__Task requirements__:
Beneath this line are the data; copy exactly the part of them that opens with the line containing "both points, so" and closes with the line containing "by (auto simp: prod_mset_zero_iff)", and only that part.

[Collected data entries]
<<<<

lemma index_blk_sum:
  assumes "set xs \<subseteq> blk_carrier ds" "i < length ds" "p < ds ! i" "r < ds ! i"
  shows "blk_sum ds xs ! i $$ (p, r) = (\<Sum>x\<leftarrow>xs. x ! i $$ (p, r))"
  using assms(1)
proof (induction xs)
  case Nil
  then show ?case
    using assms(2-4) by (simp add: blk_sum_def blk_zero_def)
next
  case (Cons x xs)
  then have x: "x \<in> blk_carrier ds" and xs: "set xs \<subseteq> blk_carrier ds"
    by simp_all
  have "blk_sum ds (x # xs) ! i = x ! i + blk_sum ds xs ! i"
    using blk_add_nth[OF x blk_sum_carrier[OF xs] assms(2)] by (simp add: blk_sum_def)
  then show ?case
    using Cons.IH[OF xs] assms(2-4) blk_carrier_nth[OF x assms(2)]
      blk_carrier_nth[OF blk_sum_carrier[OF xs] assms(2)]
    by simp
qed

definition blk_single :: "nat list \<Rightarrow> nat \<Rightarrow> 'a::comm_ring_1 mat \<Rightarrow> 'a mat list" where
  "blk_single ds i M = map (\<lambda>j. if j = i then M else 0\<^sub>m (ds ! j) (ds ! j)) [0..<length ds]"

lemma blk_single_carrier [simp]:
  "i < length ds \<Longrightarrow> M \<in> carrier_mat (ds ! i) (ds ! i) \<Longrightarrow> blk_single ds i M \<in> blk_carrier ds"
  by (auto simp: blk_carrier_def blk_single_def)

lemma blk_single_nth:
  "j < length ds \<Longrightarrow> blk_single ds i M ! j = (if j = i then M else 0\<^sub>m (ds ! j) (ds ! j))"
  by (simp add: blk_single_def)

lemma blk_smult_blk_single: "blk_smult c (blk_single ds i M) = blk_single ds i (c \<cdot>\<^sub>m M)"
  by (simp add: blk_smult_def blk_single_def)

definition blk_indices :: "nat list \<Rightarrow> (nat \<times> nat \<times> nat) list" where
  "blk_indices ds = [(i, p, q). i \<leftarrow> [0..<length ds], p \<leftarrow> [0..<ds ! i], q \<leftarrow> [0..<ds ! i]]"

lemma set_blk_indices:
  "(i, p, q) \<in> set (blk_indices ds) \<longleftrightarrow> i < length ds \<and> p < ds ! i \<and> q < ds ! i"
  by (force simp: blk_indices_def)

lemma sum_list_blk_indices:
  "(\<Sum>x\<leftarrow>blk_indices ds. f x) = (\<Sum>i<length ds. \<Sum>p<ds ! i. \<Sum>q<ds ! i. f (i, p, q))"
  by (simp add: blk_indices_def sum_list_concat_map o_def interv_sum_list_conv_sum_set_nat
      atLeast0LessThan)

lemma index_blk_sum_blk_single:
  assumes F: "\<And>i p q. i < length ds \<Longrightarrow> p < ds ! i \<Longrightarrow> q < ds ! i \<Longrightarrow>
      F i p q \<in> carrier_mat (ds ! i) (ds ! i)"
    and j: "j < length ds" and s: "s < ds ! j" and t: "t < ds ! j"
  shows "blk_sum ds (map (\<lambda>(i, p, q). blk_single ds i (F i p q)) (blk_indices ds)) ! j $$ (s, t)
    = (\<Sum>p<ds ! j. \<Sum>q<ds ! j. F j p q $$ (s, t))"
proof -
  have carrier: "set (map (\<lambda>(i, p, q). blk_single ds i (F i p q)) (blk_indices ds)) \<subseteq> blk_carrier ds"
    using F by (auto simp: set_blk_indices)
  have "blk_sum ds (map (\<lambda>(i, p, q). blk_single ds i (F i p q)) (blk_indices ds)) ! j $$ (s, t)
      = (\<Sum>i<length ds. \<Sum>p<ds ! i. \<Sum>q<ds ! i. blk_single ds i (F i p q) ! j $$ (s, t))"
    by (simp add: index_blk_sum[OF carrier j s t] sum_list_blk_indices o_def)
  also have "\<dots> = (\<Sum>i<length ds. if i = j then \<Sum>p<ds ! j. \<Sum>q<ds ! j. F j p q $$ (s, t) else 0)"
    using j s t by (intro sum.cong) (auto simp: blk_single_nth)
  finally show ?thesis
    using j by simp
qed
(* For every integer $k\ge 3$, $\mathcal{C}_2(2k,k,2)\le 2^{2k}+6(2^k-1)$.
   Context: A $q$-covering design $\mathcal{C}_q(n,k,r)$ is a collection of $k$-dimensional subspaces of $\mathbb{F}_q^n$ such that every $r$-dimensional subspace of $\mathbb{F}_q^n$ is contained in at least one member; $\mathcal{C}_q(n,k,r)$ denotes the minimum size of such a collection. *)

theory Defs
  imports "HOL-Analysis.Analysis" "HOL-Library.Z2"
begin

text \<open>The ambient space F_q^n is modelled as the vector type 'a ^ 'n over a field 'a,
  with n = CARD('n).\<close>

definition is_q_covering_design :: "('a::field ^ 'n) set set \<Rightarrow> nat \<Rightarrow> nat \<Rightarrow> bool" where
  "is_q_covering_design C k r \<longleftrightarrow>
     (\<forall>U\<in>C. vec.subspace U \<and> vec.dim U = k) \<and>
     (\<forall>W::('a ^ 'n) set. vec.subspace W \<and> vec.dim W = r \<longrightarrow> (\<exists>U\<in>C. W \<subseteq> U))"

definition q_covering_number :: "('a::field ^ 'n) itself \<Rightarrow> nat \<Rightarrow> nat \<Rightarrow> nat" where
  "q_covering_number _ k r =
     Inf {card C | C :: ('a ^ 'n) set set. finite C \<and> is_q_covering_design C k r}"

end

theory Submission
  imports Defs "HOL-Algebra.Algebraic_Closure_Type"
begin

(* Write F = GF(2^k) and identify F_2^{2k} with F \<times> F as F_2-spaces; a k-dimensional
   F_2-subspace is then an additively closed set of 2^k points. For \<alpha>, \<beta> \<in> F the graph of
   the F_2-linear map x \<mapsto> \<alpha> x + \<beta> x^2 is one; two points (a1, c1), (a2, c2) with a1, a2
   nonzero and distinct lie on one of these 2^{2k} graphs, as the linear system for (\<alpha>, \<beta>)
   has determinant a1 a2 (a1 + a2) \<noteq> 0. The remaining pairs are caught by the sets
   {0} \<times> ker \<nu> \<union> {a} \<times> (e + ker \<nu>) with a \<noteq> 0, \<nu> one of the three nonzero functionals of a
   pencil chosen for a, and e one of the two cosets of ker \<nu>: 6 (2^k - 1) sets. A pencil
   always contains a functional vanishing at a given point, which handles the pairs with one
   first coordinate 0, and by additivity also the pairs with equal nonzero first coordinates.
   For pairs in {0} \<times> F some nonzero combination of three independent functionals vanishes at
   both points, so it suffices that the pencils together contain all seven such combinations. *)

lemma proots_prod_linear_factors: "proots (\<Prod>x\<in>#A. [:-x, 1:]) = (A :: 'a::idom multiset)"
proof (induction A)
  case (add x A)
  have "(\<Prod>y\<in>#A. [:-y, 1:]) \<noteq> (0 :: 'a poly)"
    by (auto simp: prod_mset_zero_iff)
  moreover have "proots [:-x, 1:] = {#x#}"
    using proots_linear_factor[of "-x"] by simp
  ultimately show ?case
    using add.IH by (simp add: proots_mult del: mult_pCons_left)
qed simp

>>>>

__Written response__:
   both points, so it suffices that the pencils together contain all seven such combinations. *)

lemma proots_prod_linear_factors: "proots (\<Prod>x\<in>#A. [:-x, 1:]) = (A :: 'a::idom multiset)"
proof (induction A)
  case (add x A)
  have "(\<Prod>y\<in>#A. [:-y, 1:]) \<noteq> (0 :: 'a poly)"
    by (auto simp: prod_mset_zero_iff)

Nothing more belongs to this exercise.